(PROVIDED RECORDS begins)

(* Let $X=(X_0,X_1)$ be an infinite tree of bounded valence in which every vertex has at least three neighbours, let $\Gamma<\operatorname{Aut}(X)$ be a subgroup of automorphisms such that $\Gamma\backslash X_0$ is finite, and let $p:X_0\times X_0\to[0,1]$ be a $\Gamma$-invariant transition kernel making $(X_0,p)$ an irreducible Markov chain, of finite range: there is an integer $k\geq 0$ with $p(x,y)=0$ whenever $d(x,y)>k$. Let $x,y\in X_0$ and suppose that for every integer $M\geq 0$ there exists a $p$-admissible path $(\omega_0,\dots,\omega_n)\in\mathcal{P}h(x,y;\{y\}^\complement)$ with $\max_i d(\omega_i,y)\geq M$. Then the radius of convergence $R_F(x,y)$ of the first-passage generating function $F_z(x,y)$ equals $R$.
   Context: $d$ is the graph distance on $X_0$. A $p$-admissible path is a finite sequence of vertices $(\omega_0,\dots,\omega_n)$ with $p(\omega_{i-1},\omega_i)>0$ for $1\leq i\leq n$; its weight at $z$ is $w_z(\gamma)=z^n\prod_{i=1}^n p(\omega_{i-1},\omega_i)$. $\mathcal{P}h(x,y;\{y\}^\complement)$ denotes the set of $p$-admissible paths $(\omega_0,\dots,\omega_n)$ with $\omega_0=x$, $\omega_n=y$ and $\omega_i\neq y$ for $0<i<n$. The first-passage generating function is $F_z(x,y)=\sum_{\gamma\in\mathcal{P}h(x,y;\{y\}^\complement)}w_z(\gamma)=\sum_{n\geq 0}p^{(n)}(x,y;\{y\}^\complement)z^n$, and $R_F(x,y)$ is its radius of convergence. $R$ is the radius of convergence of the Green function $G_z(x',y')=\sum_{n\geq 0}p^{(n)}(x',y')z^n$ (where $p^{(n)}$ is the $n$-step transition probability), which by irreducibility does not depend on $x',y'$. *)

theory Defs
  imports "HOL-Analysis.Analysis"
begin

(* Graphs: vertex set X_0 is the whole type 'v, edges given by a relation E. *)

definition is_walk :: "('v \<Rightarrow> 'v \<Rightarrow> bool) \<Rightarrow> 'v list \<Rightarrow> bool" where
  "is_walk E xs \<longleftrightarrow> xs \<noteq> [] \<and> (\<forall>i. Suc i < length xs \<longrightarrow> E (xs ! i) (xs ! Suc i))"

(* a cycle: closed walk (v_0,...,v_n), n >= 3, v_0 = v_n, v_0..v_{n-1} distinct *)
definition is_cycle :: "('v \<Rightarrow> 'v \<Rightarrow> bool) \<Rightarrow> 'v list \<Rightarrow> bool" where
  "is_cycle E xs \<longleftrightarrow> is_walk E xs \<and> length xs \<ge> 4 \<and> hd xs = last xs \<and> distinct (butlast xs)"

definition is_tree :: "('v \<Rightarrow> 'v \<Rightarrow> bool) \<Rightarrow> bool" where
  "is_tree E \<longleftrightarrow> (\<forall>x y. E x y \<longrightarrow> E y x) \<and> (\<forall>x. \<not> E x x)
     \<and> (\<forall>x y. \<exists>xs. is_walk E xs \<and> hd xs = x \<and> last xs = y)
     \<and> (\<nexists>xs. is_cycle E xs)"

definition gdist :: "('v \<Rightarrow> 'v \<Rightarrow> bool) \<Rightarrow> 'v \<Rightarrow> 'v \<Rightarrow> nat" where
  "gdist E x y = (LEAST n. \<exists>xs. is_walk E xs \<and> hd xs = x \<and> last xs = y \<and> length xs = Suc n)"

definition bounded_valence :: "('v \<Rightarrow> 'v \<Rightarrow> bool) \<Rightarrow> bool" where
  "bounded_valence E \<longleftrightarrow> (\<exists>K::nat. \<forall>x. finite {y. E x y} \<and> card {y. E x y} \<le> K)"

definition graph_aut :: "('v \<Rightarrow> 'v \<Rightarrow> bool) \<Rightarrow> ('v \<Rightarrow> 'v) set" where
  "graph_aut E = {g. bij g \<and> (\<forall>x y. E x y \<longleftrightarrow> E (g x) (g y))}"

definition aut_subgroup :: "('v \<Rightarrow> 'v \<Rightarrow> bool) \<Rightarrow> ('v \<Rightarrow> 'v) set \<Rightarrow> bool" where
  "aut_subgroup E \<Gamma> \<longleftrightarrow> \<Gamma> \<subseteq> graph_aut E \<and> id \<in> \<Gamma>
     \<and> (\<forall>g\<in>\<Gamma>. \<forall>h\<in>\<Gamma>. g \<circ> h \<in> \<Gamma>) \<and> (\<forall>g\<in>\<Gamma>. inv g \<in> \<Gamma>)"

definition orbits :: "('v \<Rightarrow> 'v) set \<Rightarrow> 'v set set" where
  "orbits \<Gamma> = (\<lambda>x. (\<lambda>g. g x) ` \<Gamma>) ` UNIV"

definition transition_kernel :: "('v \<Rightarrow> 'v \<Rightarrow> real) \<Rightarrow> bool" where
  "transition_kernel p \<longleftrightarrow> (\<forall>x y. 0 \<le> p x y \<and> p x y \<le> 1) \<and> (\<forall>x. (p x has_sum 1) UNIV)"

fun nstep :: "('v \<Rightarrow> 'v \<Rightarrow> real) \<Rightarrow> nat \<Rightarrow> 'v \<Rightarrow> 'v \<Rightarrow> real" where
  "nstep p 0 x y = (if x = y then 1 else 0)"
| "nstep p (Suc n) x y = (\<Sum>\<^sub>\<infinity>w. p x w * nstep p n w y)"

definition irreducible_chain :: "('v \<Rightarrow> 'v \<Rightarrow> real) \<Rightarrow> bool" where
  "irreducible_chain p \<longleftrightarrow> (\<forall>x y. \<exists>n. nstep p n x y > 0)"

definition invariant_kernel :: "('v \<Rightarrow> 'v) set \<Rightarrow> ('v \<Rightarrow> 'v \<Rightarrow> real) \<Rightarrow> bool" where
  "invariant_kernel \<Gamma> p \<longleftrightarrow> (\<forall>g\<in>\<Gamma>. \<forall>x y. p (g x) (g y) = p x y)"

(* p-admissible path (omega_0,...,omega_n) as a nonempty list of length n+1 *)
definition admissible :: "('v \<Rightarrow> 'v \<Rightarrow> real) \<Rightarrow> 'v list \<Rightarrow> bool" where
  "admissible p \<gamma> \<longleftrightarrow> \<gamma> \<noteq> [] \<and> (\<forall>i. Suc i < length \<gamma> \<longrightarrow> p (\<gamma> ! i) (\<gamma> ! Suc i) > 0)"

definition first_passage_paths :: "('v \<Rightarrow> 'v \<Rightarrow> real) \<Rightarrow> 'v \<Rightarrow> 'v \<Rightarrow> 'v list set" where
  "first_passage_paths p x y = {\<gamma>. admissible p \<gamma> \<and> hd \<gamma> = x \<and> last \<gamma> = y
      \<and> (\<forall>i. 0 < i \<and> Suc i < length \<gamma> \<longrightarrow> \<gamma> ! i \<noteq> y)}"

(PROVIDED RECORDS ends)

Give back all the data exactly as it was written.

ANSWER BOX –
(* Let $X=(X_0,X_1)$ be an infinite tree of bounded valence in which every vertex has at least three neighbours, let $\Gamma<\operatorname{Aut}(X)$ be a subgroup of automorphisms such that $\Gamma\backslash X_0$ is finite, and let $p:X_0\times X_0\to[0,1]$ be a $\Gamma$-invariant transition kernel making $(X_0,p)$ an irreducible Markov chain, of finite range: there is an integer $k\geq 0$ with $p(x,y)=0$ whenever $d(x,y)>k$. Let $x,y\in X_0$ and suppose that for every integer $M\geq 0$ there exists a $p$-admissible path $(\omega_0,\dots,\omega_n)\in\mathcal{P}h(x,y;\{y\}^\complement)$ with $\max_i d(\omega_i,y)\geq M$. Then the radius of convergence $R_F(x,y)$ of the first-passage generating function $F_z(x,y)$ equals $R$.
   Context: $d$ is the graph distance on $X_0$. A $p$-admissible path is a finite sequence of vertices $(\omega_0,\dots,\omega_n)$ with $p(\omega_{i-1},\omega_i)>0$ for $1\leq i\leq n$; its weight at $z$ is $w_z(\gamma)=z^n\prod_{i=1}^n p(\omega_{i-1},\omega_i)$. $\mathcal{P}h(x,y;\{y\}^\complement)$ denotes the set of $p$-admissible paths $(\omega_0,\dots,\omega_n)$ with $\omega_0=x$, $\omega_n=y$ and $\omega_i\neq y$ for $0<i<n$. The first-passage generating function is $F_z(x,y)=\sum_{\gamma\in\mathcal{P}h(x,y;\{y\}^\complement)}w_z(\gamma)=\sum_{n\geq 0}p^{(n)}(x,y;\{y\}^\complement)z^n$, and $R_F(x,y)$ is its radius of convergence. $R$ is the radius of convergence of the Green function $G_z(x',y')=\sum_{n\geq 0}p^{(n)}(x',y')z^n$ (where $p^{(n)}$ is the $n$-step transition probability), which by irreducibility does not depend on $x',y'$. *)

theory Defs
  imports "HOL-Analysis.Analysis"
begin

(* Graphs: vertex set X_0 is the whole type 'v, edges given by a relation E. *)

definition is_walk :: "('v \<Rightarrow> 'v \<Rightarrow> bool) \<Rightarrow> 'v list \<Rightarrow> bool" where
  "is_walk E xs \<longleftrightarrow> xs \<noteq> [] \<and> (\<forall>i. Suc i < length xs \<longrightarrow> E (xs ! i) (xs ! Suc i))"

(* a cycle: closed walk (v_0,...,v_n), n >= 3, v_0 = v_n, v_0..v_{n-1} distinct *)
definition is_cycle :: "('v \<Rightarrow> 'v \<Rightarrow> bool) \<Rightarrow> 'v list \<Rightarrow> bool" where
  "is_cycle E xs \<longleftrightarrow> is_walk E xs \<and> length xs \<ge> 4 \<and> hd xs = last xs \<and> distinct (butlast xs)"

definition is_tree :: "('v \<Rightarrow> 'v \<Rightarrow> bool) \<Rightarrow> bool" where
  "is_tree E \<longleftrightarrow> (\<forall>x y. E x y \<longrightarrow> E y x) \<and> (\<forall>x. \<not> E x x)
     \<and> (\<forall>x y. \<exists>xs. is_walk E xs \<and> hd xs = x \<and> last xs = y)
     \<and> (\<nexists>xs. is_cycle E xs)"

definition gdist :: "('v \<Rightarrow> 'v \<Rightarrow> bool) \<Rightarrow> 'v \<Rightarrow> 'v \<Rightarrow> nat" where
  "gdist E x y = (LEAST n. \<exists>xs. is_walk E xs \<and> hd xs = x \<and> last xs = y \<and> length xs = Suc n)"

definition bounded_valence :: "('v \<Rightarrow> 'v \<Rightarrow> bool) \<Rightarrow> bool" where
  "bounded_valence E \<longleftrightarrow> (\<exists>K::nat. \<forall>x. finite {y. E x y} \<and> card {y. E x y} \<le> K)"

definition graph_aut :: "('v \<Rightarrow> 'v \<Rightarrow> bool) \<Rightarrow> ('v \<Rightarrow> 'v) set" where
  "graph_aut E = {g. bij g \<and> (\<forall>x y. E x y \<longleftrightarrow> E (g x) (g y))}"

definition aut_subgroup :: "('v \<Rightarrow> 'v \<Rightarrow> bool) \<Rightarrow> ('v \<Rightarrow> 'v) set \<Rightarrow> bool" where
  "aut_subgroup E \<Gamma> \<longleftrightarrow> \<Gamma> \<subseteq> graph_aut E \<and> id \<in> \<Gamma>
     \<and> (\<forall>g\<in>\<Gamma>. \<forall>h\<in>\<Gamma>. g \<circ> h \<in> \<Gamma>) \<and> (\<forall>g\<in>\<Gamma>. inv g \<in> \<Gamma>)"

definition orbits :: "('v \<Rightarrow> 'v) set \<Rightarrow> 'v set set" where
  "orbits \<Gamma> = (\<lambda>x. (\<lambda>g. g x) ` \<Gamma>) ` UNIV"

definition transition_kernel :: "('v \<Rightarrow> 'v \<Rightarrow> real) \<Rightarrow> bool" where
  "transition_kernel p \<longleftrightarrow> (\<forall>x y. 0 \<le> p x y \<and> p x y \<le> 1) \<and> (\<forall>x. (p x has_sum 1) UNIV)"

fun nstep :: "('v \<Rightarrow> 'v \<Rightarrow> real) \<Rightarrow> nat \<Rightarrow> 'v \<Rightarrow> 'v \<Rightarrow> real" where
  "nstep p 0 x y = (if x = y then 1 else 0)"
| "nstep p (Suc n) x y = (\<Sum>\<^sub>\<infinity>w. p x w * nstep p n w y)"

definition irreducible_chain :: "('v \<Rightarrow> 'v \<Rightarrow> real) \<Rightarrow> bool" where
  "irreducible_chain p \<longleftrightarrow> (\<forall>x y. \<exists>n. nstep p n x y > 0)"

definition invariant_kernel :: "('v \<Rightarrow> 'v) set \<Rightarrow> ('v \<Rightarrow> 'v \<Rightarrow> real) \<Rightarrow> bool" where
  "invariant_kernel \<Gamma> p \<longleftrightarrow> (\<forall>g\<in>\<Gamma>. \<forall>x y. p (g x) (g y) = p x y)"

(* p-admissible path (omega_0,...,omega_n) as a nonempty list of length n+1 *)
definition admissible :: "('v \<Rightarrow> 'v \<Rightarrow> real) \<Rightarrow> 'v list \<Rightarrow> bool" where
  "admissible p \<gamma> \<longleftrightarrow> \<gamma> \<noteq> [] \<and> (\<forall>i. Suc i < length \<gamma> \<longrightarrow> p (\<gamma> ! i) (\<gamma> ! Suc i) > 0)"

definition first_passage_paths :: "('v \<Rightarrow> 'v \<Rightarrow> real) \<Rightarrow> 'v \<Rightarrow> 'v \<Rightarrow> 'v list set" where
  "first_passage_paths p x y = {\<gamma>. admissible p \<gamma> \<and> hd \<gamma> = x \<and> last \<gamma> = y
      \<and> (\<forall>i. 0 < i \<and> Suc i < length \<gamma> \<longrightarrow> \<gamma> ! i \<noteq> y)}"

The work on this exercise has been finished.